# Structured Reinforcement Learning for Combinatorial Decision-Making

This folder contains the code for the paper titled "Structured Reinforcement Learning for Combinatorial Decision-Making" submitted to NeurIPS 2025. The code implements COaML-pipelines trained using Structured Reinforcement Learning (SRL), Structured Imitation Learning (SIL), and Proximal Policy Optimization (PPO) for six industrial problem settings using Julia 1.11.5.

## Folder Structure

The folder scripts contains all source code for the paper. It contains a sub-folder for each of the environments:
1. DAP: Dynamic Assortment Problem
2. DVSP: Dynamic Vehicle Scheduling Problem
3. GSPP: Gridworld Shortest Paths Problem
4. SMSP: Single Machine Scheduling Problem
5. SVSP: Stochastic Vehicle Scheduling Problem
6. WSPP: Warcraft Shortest Paths Problem

The folder of each environment contains an implementation of SIL, PPO, and SRL, as well as a greedy and an expert benchmark for the specific environment.
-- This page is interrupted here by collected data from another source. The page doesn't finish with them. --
(* Let $f:\mathcal{D}_M\to\mathbb{R}$ be continuous, where $M>0$ and $$\mathcal{D}_M=\{(t,x,y,z):\ 0\le t\le 1,\ |x|\le M_0M,\ |y|\le M_1M,\ |z|\le M_2M\},\qquad M_0=\tfrac{1}{12},\ M_1=\tfrac18,\ M_2=\tfrac12 .$$ Assume there are constants $L_0,L_1,L_2\ge 0$ such that $|f(t,x,y,z)|\le M$ for all $(t,x,y,z)\in\mathcal{D}_M$, $$|f(t,x_2,y_2,z_2)-f(t,x_1,y_1,z_1)|\le L_0|x_2-x_1|+L_1|y_2-y_1|+L_2|z_2-z_1|$$ for all $(t,x_i,y_i,z_i)\in\mathcal{D}_M$ ($i=1,2$), and $q:=L_0M_0+L_1M_1+L_2M_2<1$. Consider the iteration: $\varphi_0(t)=f(t,0,0,0)$ and, for $k=0,1,\dots$, $$u_k(t)=\int_0^1G_0(t,s)\varphi_k(s)\,ds,\quad y_k(t)=\int_0^1G_1(t,s)\varphi_k(s)\,ds,\quad z_k(t)=\int_0^1G_2(t,s)\varphi_k(s)\,ds,$$ $$\varphi_{k+1}(t)=f(t,u_k(t),y_k(t),z_k(t)),$$ and set $p_k=\dfrac{q^k}{1-q}\|\varphi_1-\varphi_0\|$, where $\|\cdot\|$ is the maximum norm on $[0,1]$. Let $u$ be the (unique) solution of the boundary value problem $$u'''(t)=f(t,u(t),u'(t),u''(t)),\ 0<t<1,\qquad u(0)=0,\ u'(0)=0,\ u'(1)=0,$$ satisfying $|u(t)|\le M_0M$, $|u'(t)|\le M_1M$, $|u''(t)|\le M_2M$ on $[0,1]$. Then the iterative method converges and for all $k\ge 0$ $$\|u_k-u\|\le M_0p_k,\qquad \|u_k'-u'\|\le M_1p_k,\qquad \|u_k''-u''\|\le M_2p_k .$$
   Context: The kernels are $G_0(t,s)=\frac{s}{2}(t^2-2t+s)$ for $0\le s\le t\le1$ and $G_0(t,s)=\frac{t^2}{2}(s-1)$ for $0\le t\le s\le 1$; $G_1(t,s)=s(t-1)$ for $0\le s\le t\le 1$ and $G_1(t,s)=t(s-1)$ for $0\le t\le s\le 1$; $G_2(t,s)=s$ for $0\le s\le t\le 1$ and $G_2(t,s)=s-1$ for $0\le t\le s\le 1$. ($G_0$ is the Green function of $u'''=\varphi$, $u(0)=u'(0)=u'(1)=0$, and $G_1=\partial_tG_0$, $G_2=\partial_t^2G_0$.) The constants satisfy $M_n=\max_{0\le t\le 1}\int_0^1|G_n(t,s)|\,ds$ for $n=0,1,2$. Under these hypotheses the boundary value problem has exactly one solution with the stated bounds. *)

theory Defs
  imports "HOL-Analysis.Analysis"
begin

definition G0 :: "real \<Rightarrow> real \<Rightarrow> real" where
  "G0 t s = (if s \<le> t then s / 2 * (t\<^sup>2 - 2 * t + s) else t\<^sup>2 / 2 * (s - 1))"

definition G1 :: "real \<Rightarrow> real \<Rightarrow> real" where
  "G1 t s = (if s \<le> t then s * (t - 1) else t * (s - 1))"

definition G2 :: "real \<Rightarrow> real \<Rightarrow> real" where
  "G2 t s = (if s \<le> t then s else s - 1)"

definition M0 :: real where "M0 = 1 / 12"
definition M1 :: real where "M1 = 1 / 8"
definition M2 :: real where "M2 = 1 / 2"

definition DM :: "real \<Rightarrow> (real \<times> real \<times> real \<times> real) set" where
  "DM M = {(t, x, y, z). 0 \<le> t \<and> t \<le> 1 \<and> \<bar>x\<bar> \<le> M0 * M \<and> \<bar>y\<bar> \<le> M1 * M \<and> \<bar>z\<bar> \<le> M2 * M}"

definition intG :: "(real \<Rightarrow> real \<Rightarrow> real) \<Rightarrow> (real \<Rightarrow> real) \<Rightarrow> real \<Rightarrow> real" where
  "intG G \<phi> t = integral {0..1} (\<lambda>s. G t s * \<phi> s)"

primrec phi_it :: "(real \<Rightarrow> real \<Rightarrow> real \<Rightarrow> real \<Rightarrow> real) \<Rightarrow> nat \<Rightarrow> real \<Rightarrow> real" where
  "phi_it f 0 = (\<lambda>t. f t 0 0 0)"
| "phi_it f (Suc k) = (\<lambda>t. f t (intG G0 (phi_it f k) t) (intG G1 (phi_it f k) t) (intG G2 (phi_it f k) t))"

definition maxnorm :: "(real \<Rightarrow> real) \<Rightarrow> real" where
  "maxnorm g = Sup ((\<lambda>t. \<bar>g t\<bar>) ` {0..1})"

end

theory Submission
  imports Defs
begin

text \<open>
  The Green functions invert the boundary value problem: a function u with u(0) = u'(0) = u'(1) = 0
  and continuous third derivative \<psi> is recovered as u = \<integral> G0 \<psi>, u' = \<integral> G1 \<psi>, u'' = \<integral> G2 \<psi>.
  Hence u solves the problem iff \<psi> = f(t, u, u', u'') is a fixed point of the map
  \<phi> \<mapsto> f(t, \<integral> G0 \<phi>, \<integral> G1 \<phi>, \<integral> G2 \<phi>). Since \<integral>|G_n(t,s)| ds \<le> M_n, this map sends the
  continuous functions bounded by M into themselves (so the arguments of f stay in D_M) and is a
  contraction with constant q for the maximum norm. The usual a priori estimate of the contraction
  principle bounds \<parallel>\<phi>_k - \<psi>\<parallel> by p_k, and the kernel bounds transfer this to the errors of
  u_k, u_k', u_k''.
\<close>

lemma has_integral_split_at:
  fixes h h1 h2 :: "real \<Rightarrow> real"
  assumes t: "a \<le> t" "t \<le> b"
    and cont: "continuous_on {a..b} h1" "continuous_on {a..b} h2"
    and left: "\<And>s. a \<le> s \<Longrightarrow> s \<le> t \<Longrightarrow> h s = h1 s"
    and right: "\<And>s. t < s \<Longrightarrow> s \<le> b \<Longrightarrow> h s = h2 s"
  shows "(h has_integral (integral {a..t} h1 + integral {t..b} h2)) {a..b}"
proof (rule has_integral_combine[OF t])
  have "h1 integrable_on {a..t}"
    by (rule integrable_continuous_interval, rule continuous_on_subset[OF cont(1)]) (use t in auto)
  then show "(h has_integral integral {a..t} h1) {a..t}"
    by (rule has_integral_spike_finite[where S="{}", rotated 2, OF integrable_integral]) (auto simp: left)
  have "h2 integrable_on {t..b}"
    by (rule integrable_continuous_interval, rule continuous_on_subset[OF cont(2)]) (use t in auto)
  then show "(h has_integral integral {t..b} h2) {t..b}"
    by (rule has_integral_spike_finite[where S="{t}", rotated 2, OF integrable_integral]) (auto simp: right)
qed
Each environment-folder is sturctured as follows:
1. utils: Folder containing environment funcions, should not be run directly
2. 00_setup.jl: Dataset setup and baseline (expert and greedy) solutions
3. 01_SIL.jl: Structured Imitation Learning training function and executable code
4. 02_PPO.jl: Proximal Policy Optimization training function and executable code
5. 03_SRL.jl: Structured Reinforcement Learning training function and executable code
6. 04_plots.jl: Code to create a cumulative lineplot of training performance and a boxplot of testing performance

## Environment setup

To set up a working environment for the code, please follow these steps:
1. Install the Julia programming language, version 1.11.5 (see https://julialang.org/install/)
2. Open this software in your favorite IDE and activate a Julia REPL
3. Instantiate the Julia environment of this folder:
```julia
using Pkg
Pkg.activate(".")
Pkg.instantiate()
```
4. Make sure to have an active internet connection and ca. 150MB of free disc space for downloading and storing instance and log files when running the code for the first time

## Running code

To train and test the algorithms for an environment, please follow these steps:
1. Find the corresponding environment folder
2. Run 00_setup.jl:
```bash
julia --project=. folder/00_setup.jl
```
3. Run the algorithm scripts 01_SIL.jl, 02_PPO.jl, and 03_SRL.jl (same as 2.)
4. Run 04_plots.jl (same as 2.)

To reproduce the experiments from the paper, please follow these steps:
1. Set all hyperparameters to the values used in the paper (corresponds to default values)
2. Train and test the models using ten random seeds for model initialization
3. Store the training and testing rewards of each training run
4. Average rewards across the ten runs for each train- and test-episode

The results from the ten runs and the average rewards can be used to reproduce the numerical and graphical results from the paper. Additional environment-specific instructions, including the random seeds to be used and how to set them, are provided in the README-file of each folder. To reproduce runtime results, run the respective algorithm with a @timed command.